··· Records to use

(* Let $n\ge1$ and let $f$ be an automorphism of the additive group $\mathbb{Z}^n$. Then the set of lengths of the cycles of $f$ is finite.
   Context: For a bijection $f$ of a set, a cycle is a finite sequence $a_1,\dots,a_m$ of distinct elements with $f(a_j)=a_{j+1}$ for $j<m$ and $f(a_m)=a_1$; its length is $m$. *)

theory Defs
  imports "HOL-Analysis.Analysis"
begin

definition is_cycle :: "('a \<Rightarrow> 'a) \<Rightarrow> 'a list \<Rightarrow> bool" where
  "is_cycle f xs \<longleftrightarrow> xs \<noteq> [] \<and> distinct xs \<and>
     (\<forall>j. Suc j < length xs \<longrightarrow> f (xs ! j) = xs ! Suc j) \<and>
     f (last xs) = hd xs"

definition cycle_lengths :: "('a \<Rightarrow> 'a) \<Rightarrow> nat set" where
  "cycle_lengths f = {length xs | xs. is_cycle f xs}"

end

theory Submission
  imports Defs
begin

(*
  The length of a cycle through x is at most any p > 0 with f^p x = x, so it suffices to find
  one L > 0 with f^L x = x for every periodic point x. Extend the additive map f to a linear map
  T of real n-space and choose a maximal linearly independent family of periodic points: it is
  finite, so the product L of their periods is a common period of the family, and since T^L is
  linear it fixes their span, which contains every periodic point.
*)

lemma funpow_mult_fixed:
  assumes "(f ^^ p) x = x"
  shows "(f ^^ (p * k)) x = x"
  by (induction k) (simp_all add: funpow_add assms)

lemma linear_funpow:
  fixes T :: "'a::real_vector \<Rightarrow> 'a"
  shows "linear T \<Longrightarrow> linear (T ^^ n)"
  by (induction n) (simp_all add: linear_id linear_compose)

lemma linear_common_period_on_span:
  fixes T :: "'a::euclidean_space \<Rightarrow> 'a"
  assumes "linear T"
  obtains L where "L > 0" "\<And>v. v \<in> span {v. \<exists>p>0. (T ^^ p) v = v} \<Longrightarrow> (T ^^ L) v = v"
proof -
  let ?P = "{v. \<exists>p>0. (T ^^ p) v = v}"
  obtain B where B: "B \<subseteq> ?P" "independent B" "?P \<subseteq> span B"
    using maximal_independent_subset by blast
  have "finite B"
    using B(2) by (rule independent_imp_finite)
  have "\<forall>b\<in>B. \<exists>p. p > 0 \<and> (T ^^ p) b = b"
    using B(1) by blast
  then obtain per where per: "\<And>b. b \<in> B \<Longrightarrow> per b > 0 \<and> (T ^^ per b) b = b"
    by metis
  define L where "L = prod per B"
  have "L > 0"
    unfolding L_def using per \<open>finite B\<close> by (simp add: prod_pos)
  have fixes_B: "(T ^^ L) b = b" if "b \<in> B" for b
  proof -
    have "L = per b * prod per (B - {b})"
      unfolding L_def using \<open>finite B\<close> that by (simp add: prod.remove)
    then show ?thesis
      using funpow_mult_fixed[where f = T and p = "per b" and x = b] per[OF that] by simp
  qed
  have "(T ^^ L) v = v" if "v \<in> span ?P" for v
  proof -
    have "v \<in> span B"
      using that span_mono[OF B(3)] by (simp add: span_span subset_iff)
    then show ?thesis
      using linear_eq_on_span[OF linear_funpow[OF assms] linear_id] fixes_B
      by (simp only: id_apply) blast
  qed
  with \<open>L > 0\<close> that show ?thesis by blast
qed

definition of_int_vec :: "int ^ 'n \<Rightarrow> real ^ 'n" where
  "of_int_vec x = (\<chi> i. of_int (x $ i))"

lemma of_int_vec_nth [simp]: "of_int_vec x $ i = of_int (x $ i)"
  by (simp add: of_int_vec_def)

lemma inj_of_int_vec: "inj of_int_vec"
  by (rule injI) (simp add: vec_eq_iff)

lemma of_int_vec_sum: "of_int_vec (sum h A) = (\<Sum>a\<in>A. of_int_vec (h a))"
  by (induction A rule: infinite_finite_induct) (auto simp: vec_eq_iff)

lemma of_int_vec_smult: "of_int_vec (k *s v) = of_int k *\<^sub>R of_int_vec v"
  by (simp add: vec_eq_iff)

lemma additive_vector_smult_int:
  fixes g :: "int ^ 'n \<Rightarrow> int ^ 'm"
  assumes "Modules.additive g"
  shows "g (k *s v) = k *s g v"
  by (induction k rule: int_induct[of _ 0])
    (simp_all add: additive.zero[OF assms] additive.add[OF assms] additive.diff[OF assms])

definition real_extension :: "(int ^ 'n \<Rightarrow> int ^ 'm) \<Rightarrow> real ^ 'n \<Rightarrow> real ^ 'm" where
  "real_extension g y = (\<Sum>i\<in>UNIV. y $ i *\<^sub>R of_int_vec (g (axis i 1)))"

lemma linear_real_extension: "linear (real_extension g)"
  unfolding linear_iff real_extension_def
  by (auto simp: sum.distrib scaleR_add_left scaleR_sum_right)

lemma real_extension_of_int_vec:
  fixes g :: "int ^ 'n \<Rightarrow> int ^ 'm"
  assumes "Modules.additive g"
  shows "real_extension g (of_int_vec x) = of_int_vec (g x)"
proof -
  have "g x = g (\<Sum>i\<in>UNIV. x $ i *s axis i 1)"
    by (simp add: basis_expansion)
  also have "\<dots> = (\<Sum>i\<in>UNIV. x $ i *s g (axis i 1))"
    by (simp add: additive.sum[OF assms] additive_vector_smult_int[OF assms])
  finally show ?thesis
    by (simp add: real_extension_def of_int_vec_sum of_int_vec_smult)
qed

lemma funpow_real_extension_of_int_vec:
  fixes g :: "int ^ 'n \<Rightarrow> int ^ 'n"
  assumes "Modules.additive g"
  shows "(real_extension g ^^ p) (of_int_vec x) = of_int_vec ((g ^^ p) x)"
  by (induction p) (simp_all add: real_extension_of_int_vec[OF assms])

lemma additive_int_vec_common_period:
  fixes g :: "int ^ 'n \<Rightarrow> int ^ 'n"
  assumes "Modules.additive g"
  obtains L where "L > 0" "\<And>x p. p > 0 \<Longrightarrow> (g ^^ p) x = x \<Longrightarrow> (g ^^ L) x = x"
proof -
  let ?T = "real_extension g"
  obtain L where "L > 0"
    and L: "\<And>v. v \<in> span {v. \<exists>p>0. (?T ^^ p) v = v} \<Longrightarrow> (?T ^^ L) v = v"
    using linear_common_period_on_span[OF linear_real_extension] by blast
  have "(g ^^ L) x = x" if "p > 0" "(g ^^ p) x = x" for x p
  proof -
    have "(?T ^^ p) (of_int_vec x) = of_int_vec x"
      using that by (simp add: funpow_real_extension_of_int_vec[OF assms])
    then have "(?T ^^ L) (of_int_vec x) = of_int_vec x"
      using \<open>p > 0\<close> by (blast intro: L span_base)
    then show ?thesis
      by (simp add: funpow_real_extension_of_int_vec[OF assms] inj_eq[OF inj_of_int_vec])
  qed
  with \<open>L > 0\<close> that show ?thesis by blast
qed

lemma is_cycle_funpow_nth:
  assumes "is_cycle f xs" "j < length xs"
  shows "(f ^^ j) (hd xs) = xs ! j"
  using assms(2)
proof (induction j)
  case 0
  then show ?case by (simp add: hd_conv_nth)
next
  case (Suc j)
  then show ?case using assms(1) unfolding is_cycle_def by auto
qed

lemma is_cycle_funpow_length:
  assumes "is_cycle f xs"
  shows "(f ^^ length xs) (hd xs) = hd xs"
proof -
  have "xs \<noteq> []"
    using assms by (simp add: is_cycle_def)
  then obtain m where m: "length xs = Suc m"
    by (cases xs) auto
  have "(f ^^ length xs) (hd xs) = f (xs ! m)"
    using is_cycle_funpow_nth[OF assms, of m] m by simp
  also have "xs ! m = last xs"
    using \<open>xs \<noteq> []\<close> m by (simp add: last_conv_nth)
  finally show ?thesis
    using assms by (simp add: is_cycle_def)
qed

lemma is_cycle_length_le_period:
  assumes "is_cycle f xs" "L > 0" "(f ^^ L) (hd xs) = hd xs"
  shows "length xs \<le> L"
proof (rule ccontr)
  assume "\<not> length xs \<le> L"
  then have "xs \<noteq> []"
    by auto
  have "xs ! L = hd xs"
    using is_cycle_funpow_nth[OF assms(1), of L] assms(3) \<open>\<not> length xs \<le> L\<close> by simp
  also have "hd xs = xs ! 0"
    using \<open>xs \<noteq> []\<close> by (rule hd_conv_nth)
  finally show False
    using assms(1,2) \<open>\<not> length xs \<le> L\<close> by (simp add: is_cycle_def nth_eq_iff_index_eq)
qed

lemma finite_cycle_lengths_if_common_period:
  assumes "L > 0" "\<And>x p. p > 0 \<Longrightarrow> (f ^^ p) x = x \<Longrightarrow> (f ^^ L) x = x"
  shows "finite (cycle_lengths f)"
proof (rule finite_subset)
  show "cycle_lengths f \<subseteq> {..L}"
  proof
    fix m assume "m \<in> cycle_lengths f"
    then obtain xs where xs: "is_cycle f xs" "m = length xs"
      by (auto simp: cycle_lengths_def)
    then have "length xs > 0"
      by (simp add: is_cycle_def)
    then have "(f ^^ L) (hd xs) = hd xs"
      using assms(2) is_cycle_funpow_length[OF xs(1)] by blast
    then show "m \<in> {..L}"
      using is_cycle_length_le_period[OF xs(1) assms(1)] xs(2) by simp
  qed
qed simp

theorem proposition3p2:
  fixes f :: "int ^ 'n \<Rightarrow> int ^ 'n"
  assumes "bij f"
    and "\<And>x y. f (x + y) = f x + f y"
  shows "finite (cycle_lengths f)"
proof -
  have "Modules.additive f"
    using assms(2) by (rule additive.intro)
  then obtain L where "L > 0" "\<And>x p. p > 0 \<Longrightarrow> (f ^^ p) x = x \<Longrightarrow> (f ^^ L) x = x"
    using additive_int_vec_common_period by blast
  then show ?thesis
    by (rule finite_cycle_lengths_if_common_period)
qed

end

······

What the exercise asks: A complete answer gives every line of the data that includes "assumes".

Answer for the task:
  assumes "(f ^^ p) x = x"
  assumes "linear T"
  assumes "Modules.additive g"
  assumes "Modules.additive g"
  assumes "Modules.additive g"
  assumes "Modules.additive g"
  assumes "is_cycle f xs" "j < length xs"
  assumes "is_cycle f xs"
  assumes "is_cycle f xs" "L > 0" "(f ^^ L) (hd xs) = hd xs"
  assumes "L > 0" "\<And>x p. p > 0 \<Longrightarrow> (f ^^ p) x = x \<Longrightarrow> (f ^^ L) x = x"
  assumes "bij f"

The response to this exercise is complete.